Tuesday, January 13, 2009

The "Money" Box

Let’s talk about one more thing in The Box; let’s talk about lending. I call
it the “Money Box”. Here’s another thing that people don’t understand,
and it’s a true fact everywhere: The Money Box is made up of lots of
different traditional and non-traditional lending institutions, such as banks,
seller financing, private money, and people’s own money. The Money Box
provides us with an understanding of types of lending institutions that
thrive in a given market. Knowing that information can tell you what’s
going on in the market and how to structure your strategy.
For example, we are currently in a credit crisis (2008). Thus, the banks’
guidelines have become extremely stringent and they have scaled back
their lending practices. According to the Money Box, since the banks are
scaling back, another institution within The Box will step up and make
money available. Seller financing, for instance, may become more
available, or private money; or buyers may bring a larger amount of money
for the down payment. You need to understand that there are never holes
in The Box; someone or some institution will always be there to make
money available. The market always wants to meet equilibrium.

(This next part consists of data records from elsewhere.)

lemma hyper_fps_shifted_decomposition:
  fixes r :: nat and m :: "nat \<Rightarrow> nat" and f :: "nat \<Rightarrow> complex" and a b :: complex
  defines "A \<equiv> vpoch r (\<lambda>i. f i - b) m / vpoch r f m"
    and "B \<equiv> vpoch r (\<lambda>i. f i - b - 1) m / vpoch r f m"
  assumes f: "\<And>i n. i < r \<Longrightarrow> f i \<noteq> - of_nat n"
    and b1: "\<And>n. b + 1 \<noteq> - of_nat n" and b2: "\<And>n. b + 2 \<noteq> - of_nat n"
  shows "hyper_fps ([a, b] @ map (\<lambda>i. f i + of_nat (m i)) [0..<r]) ([b + 2] @ map f [0..<r])
           = pochhammer_poly_fps a (smult (b + 1) (Wpoly r b f m) - smult b (Wpoly r (b + 1) f m))
             + fps_const ((b + 1) * A) * hyper_fps [a, b] [b + 1]
             - fps_const (b * B) * hyper_fps [a, b + 1] [b + 2]"
proof (rule fps_ext)
  fix n
  define P where "P = vpoch r (\<lambda>i. f i + of_nat n) m / vpoch r f m"
  define \<rho>\<^sub>0 \<rho>\<^sub>1 where "\<rho>\<^sub>0 = pochhammer b n / pochhammer (b + 1) n"
    and "\<rho>\<^sub>1 = pochhammer (b + 1) n / pochhammer (b + 2) n"
  have V: "vpoch r f m \<noteq> 0"
    using f by (auto simp: vpoch_def prod_zero_iff pochhammer_eq_0_iff)
  have "pochhammer (b + 1) n \<noteq> 0" "pochhammer (b + 2) n \<noteq> 0"
    using b1 b2 by (simp_all add: pochhammer_nonzero)
  then have split: "pochhammer b n / pochhammer (b + 2) n = (b + 1) * \<rho>\<^sub>0 - b * \<rho>\<^sub>1"
    unfolding \<rho>\<^sub>0_def \<rho>\<^sub>1_def by (rule pochhammer_ratio_split)
  have W\<^sub>0: "P * \<rho>\<^sub>0 = poly (Wpoly r b f m) (of_nat n) + A * \<rho>\<^sub>0"
    unfolding P_def \<rho>\<^sub>0_def A_def
    by (rule vpoch_ratio_partial_fraction[OF V \<open>pochhammer (b + 1) n \<noteq> 0\<close>])
  have W\<^sub>1: "P * \<rho>\<^sub>1 = poly (Wpoly r (b + 1) f m) (of_nat n) + B * \<rho>\<^sub>1"
    using vpoch_ratio_partial_fraction[OF V, of "b + 1" n] \<open>pochhammer (b + 2) n \<noteq> 0\<close>
    by (simp add: P_def \<rho>\<^sub>1_def B_def add.assoc diff_diff_eq)
  have "hyper_fps ([a, b] @ map (\<lambda>i. f i + of_nat (m i)) [0..<r]) ([b + 2] @ map f [0..<r]) $ n
      = hyper_fps [a] [] $ n * ((b + 1) * (P * \<rho>\<^sub>0) - b * (P * \<rho>\<^sub>1))"
    by (simp only: hyper_fps_shifted_nth[OF f] split P_def) (simp add: V field_simps)
  also have "\<dots> = hyper_fps [a] [] $ n * ((b + 1) * poly (Wpoly r b f m) (of_nat n)
                                         - b * poly (Wpoly r (b + 1) f m) (of_nat n))
                 + (b + 1) * A * (hyper_fps [a] [] $ n * \<rho>\<^sub>0) - b * B * (hyper_fps [a] [] $ n * \<rho>\<^sub>1)"
    unfolding W\<^sub>0 W\<^sub>1 by (simp add: algebra_simps add_divide_distrib)
  also have "\<dots> = (pochhammer_poly_fps a (smult (b + 1) (Wpoly r b f m) - smult b (Wpoly r (b + 1) f m))
                   + fps_const ((b + 1) * A) * hyper_fps [a, b] [b + 1]
                   - fps_const (b * B) * hyper_fps [a, b + 1] [b + 2]) $ n"
    by (simp add: pochhammer_poly_fps_def hyper_fps_nth \<rho>\<^sub>0_def \<rho>\<^sub>1_def mult_ac)
  finally show "hyper_fps ([a, b] @ map (\<lambda>i. f i + of_nat (m i)) [0..<r]) ([b + 2] @ map f [0..<r]) $ n
      = (pochhammer_poly_fps a (smult (b + 1) (Wpoly r b f m) - smult b (Wpoly r (b + 1) f m))
         + fps_const ((b + 1) * A) * hyper_fps [a, b] [b + 1]
         - fps_const (b * B) * hyper_fps [a, b + 1] [b + 2]) $ n" .
qed
lemma Phi_eq_image:
  assumes "length x = n"
  shows "Phi n t x = (\<lambda>D. phi n D x) ` sparse_subsets t (transitions x)"
proof (intro set_eqI iffI)
  fix y assume "y \<in> Phi n t x"
  then obtain E where E: "E \<subseteq> {2..n}" "sparse E" "card E \<le> t" "y = phi n E x"
    unfolding Phi_def grain_patterns_def grain_pattern_iff by auto
  then have "card (E \<inter> transitions x) \<le> t"
    by (meson card_mono finite_atLeastAtMost finite_subset inf_le1 order_trans)
  with E have "E \<inter> transitions x \<in> sparse_subsets t (transitions x)"
    unfolding sparse_subsets_def sparse_def by auto
  moreover have "y = phi n (E \<inter> transitions x) x"
    using phi_Int_transitions E(1,4) assms by simp
  ultimately show "y \<in> (\<lambda>D. phi n D x) ` sparse_subsets t (transitions x)" by blast
next
  fix y assume "y \<in> (\<lambda>D. phi n D x) ` sparse_subsets t (transitions x)"
  then obtain D where "D \<in> sparse_subsets t (transitions x)" "y = phi n D x" by auto
  then show "y \<in> Phi n t x"
    using transitions_subset[of x] assms
    unfolding Phi_def grain_patterns_def grain_pattern_iff sparse_subsets_def by auto
qed

lemma card_Phi:
  "length x = n \<Longrightarrow> card (Phi n t x) = card (sparse_subsets t (transitions x))"
  unfolding Phi_eq_image
  by (rule card_image, rule inj_on_subset[OF inj_on_phi]) (auto simp: sparse_subsets_def)

lemma finite_Phi: "length x = n \<Longrightarrow> finite (Phi n t x)"
  by (simp add: Phi_eq_image finite_sparse_subsets finite_transitions)
lemma le_join_via_unit_left:
  assumes X: "X \<in> obj" and Y: "Y \<in> obj" and T: "\<And>i. i \<in> I \<Longrightarrow> T i \<in> obj"
    and f: "\<And>i. i \<in> I \<Longrightarrow> f i \<in> hom X (T i)" and g: "\<And>i. i \<in> I \<Longrightarrow> g i \<in> hom (T i) X"
    and k: "\<And>i. i \<in> I \<Longrightarrow> k i \<in> hom Y (T i)" and h: "h \<in> hom Y X"
    and unit: "idm X \<preceq> jn X X ((\<lambda>i. g i \<odot> f i) ` I)"
    and bound: "\<And>i. i \<in> I \<Longrightarrow> f i \<odot> h \<preceq> k i"
  shows "h \<preceq> jn Y X ((\<lambda>i. g i \<odot> k i) ` I)"
proof -
  have unit_sub: "(\<lambda>i. g i \<odot> f i) ` I \<subseteq> hom X X"
    by (rule image_comp_in[where T = T]) (use X T f g in auto)
  have sub: "(\<lambda>i. g i \<odot> k i) ` I \<subseteq> hom Y X"
    by (rule image_comp_in[where T = T]) (use X Y T g k in auto)
  have "h = idm X \<odot> h"
    using X Y h by simp
  also have "hle Y X \<dots> (jn X X ((\<lambda>i. g i \<odot> f i) ` I) \<odot> h)"
    by (rule hle_comp_left[OF hleI Y h]) (use X unit unit_sub in auto)
  also have "hle Y X \<dots> (jn Y X ((\<lambda>i. g i \<odot> k i) ` I))"
  proof (rule hleI)
    show "jn X X ((\<lambda>i. g i \<odot> f i) ` I) \<odot> h \<preceq> jn Y X ((\<lambda>i. g i \<odot> k i) ` I)"
    proof (rule join_comp_le[OF Y X X h unit_sub])
      fix s assume "s \<in> (\<lambda>i. g i \<odot> f i) ` I"
      then obtain i where i: "i \<in> I" and s: "s = g i \<odot> f i"
        by auto
      have in_i: "T i \<in> obj" "f i \<in> hom X (T i)" "g i \<in> hom (T i) X" "k i \<in> hom Y (T i)"
        using i T f g k by auto
      have "s \<odot> h = g i \<odot> (f i \<odot> h)"
        using s comp_assoc[OF Y X in_i(1) X h in_i(2,3)] by simp
      also have "hle Y X \<dots> (g i \<odot> k i)"
        by (rule hle_comp_right[OF hleI X in_i(3)]) (use Y in_i h bound i comp_in[OF Y X in_i(1)] in auto)
      also have "hle Y X \<dots> (jn Y X ((\<lambda>i. g i \<odot> k i) ` I))"
        by (rule hle_join_upper[OF Y X sub]) (use i in auto)
      finally show "s \<odot> h \<preceq> jn Y X ((\<lambda>i. g i \<odot> k i) ` I)"
        by (rule hleD)
    qed (use X Y sub in auto)
  qed (use X Y h unit_sub sub comp_in[OF Y X X] in auto)
  finally show ?thesis
    by (rule hleD)
qed
lemma QC_Rloc_subset_Q_loc:
  "(QC_Rloc :: (('x::finite \<times> 'y::finite \<Rightarrow> 'x \<times> 'y \<Rightarrow> complex)
     \<Rightarrow> ('a::finite \<times> 'b::finite \<Rightarrow> 'a \<times> 'b \<Rightarrow> complex)) set) \<subseteq> Q_loc"
proof
  fix \<Gamma> :: "('x \<times> 'y \<Rightarrow> 'x \<times> 'y \<Rightarrow> complex) \<Rightarrow> ('a \<times> 'b \<Rightarrow> 'a \<times> 'b \<Rightarrow> complex)"
  assume "\<Gamma> \<in> QC_Rloc"
  then obtain n S T u v \<rho> where \<Gamma>: "\<Gamma> = gammaW (dsum_K n S T) {..<n} (dsum_W u v) \<rho>"
    and iso: "\<forall>i<n. finite (S i) \<and> finite (T i) \<and> isometry_on (S i) (u i) \<and> isometry_on (T i) (v i)"
    and \<rho>: "density_on {..<n} \<rho>"
    unfolding QC_Rloc_def by blast
  have fin: "\<forall>i<n. finite (S i) \<and> finite (T i)"
    using iso by blast
  have psd: "psd_on {..<n} \<rho>" and trace: "(\<Sum>h<n. \<rho> h h) = 1"
    using \<rho> unfolding density_on_def by auto
  define w where "w = (\<lambda>i. Re (\<rho> i i))"
  have \<rho>_diag: "\<rho> i i = complex_of_real (w i)" if "i < n" for i
    using psd_on_diag(1)[OF finite_lessThan psd] that by (simp add: w_def)
  have "\<forall>i<n. 0 \<le> w i \<and> quantum_channel (kraus_map (S i) (u i)) \<and> quantum_channel (kraus_map (T i) (v i))"
    using psd_on_diag(2)[OF finite_lessThan psd] iso by (simp add: w_def quantum_channel_kraus_map)
  moreover have "(\<Sum>i<n. w i) = 1"
    using arg_cong[OF trace, of Re] by (simp add: w_def)
  moreover have "\<Gamma> = (\<lambda>M c c'. \<Sum>i<n. complex_of_real (w i) *
      map_tensor (kraus_map (S i) (u i)) (kraus_map (T i) (v i)) M c c')"
    unfolding \<Gamma> gammaW_dsum[OF fin] by (intro ext sum.cong refl) (simp add: \<rho>_diag)
  ultimately show "\<Gamma> \<in> Q_loc"
    unfolding Q_loc_def mem_Collect_eq
    by (intro exI[of _ n] exI[of _ w] exI[of _ "\<lambda>i. kraus_map (S i) (u i)"]
        exI[of _ "\<lambda>i. kraus_map (T i) (v i)"]) simp
qed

To give you an example of this, in the 1980’s, seller financing was very
popular. Why? Some people needed to get rid of their homes. Interest rates
were too high for buyers and it was difficult for them to qualify, so seller
financing came in and filled the gap. In a credit crisis like the one now
(2008), the banks have scaled back their creative loan programs. Hence,
other people and/or institutions are filling in the gaps and providing money
to borrowers. In a credit crisis, seller financing and private money are
usually the first entities to lend money. Personal cash usually takes a little
longer to come in.
As far as strategy goes, the Money Box helps you determine that if banks
are being tight, and you don’t want to bring in personal cash, you ought to
look at seller financing or private money. There’s always a way to get
financing in any market; it doesn’t matter what the market is doing. If
banks are taking the vast majority, then use banks because their interest
rates may be more attractive than other financing options. And if banks are
scaling back, use other financing means.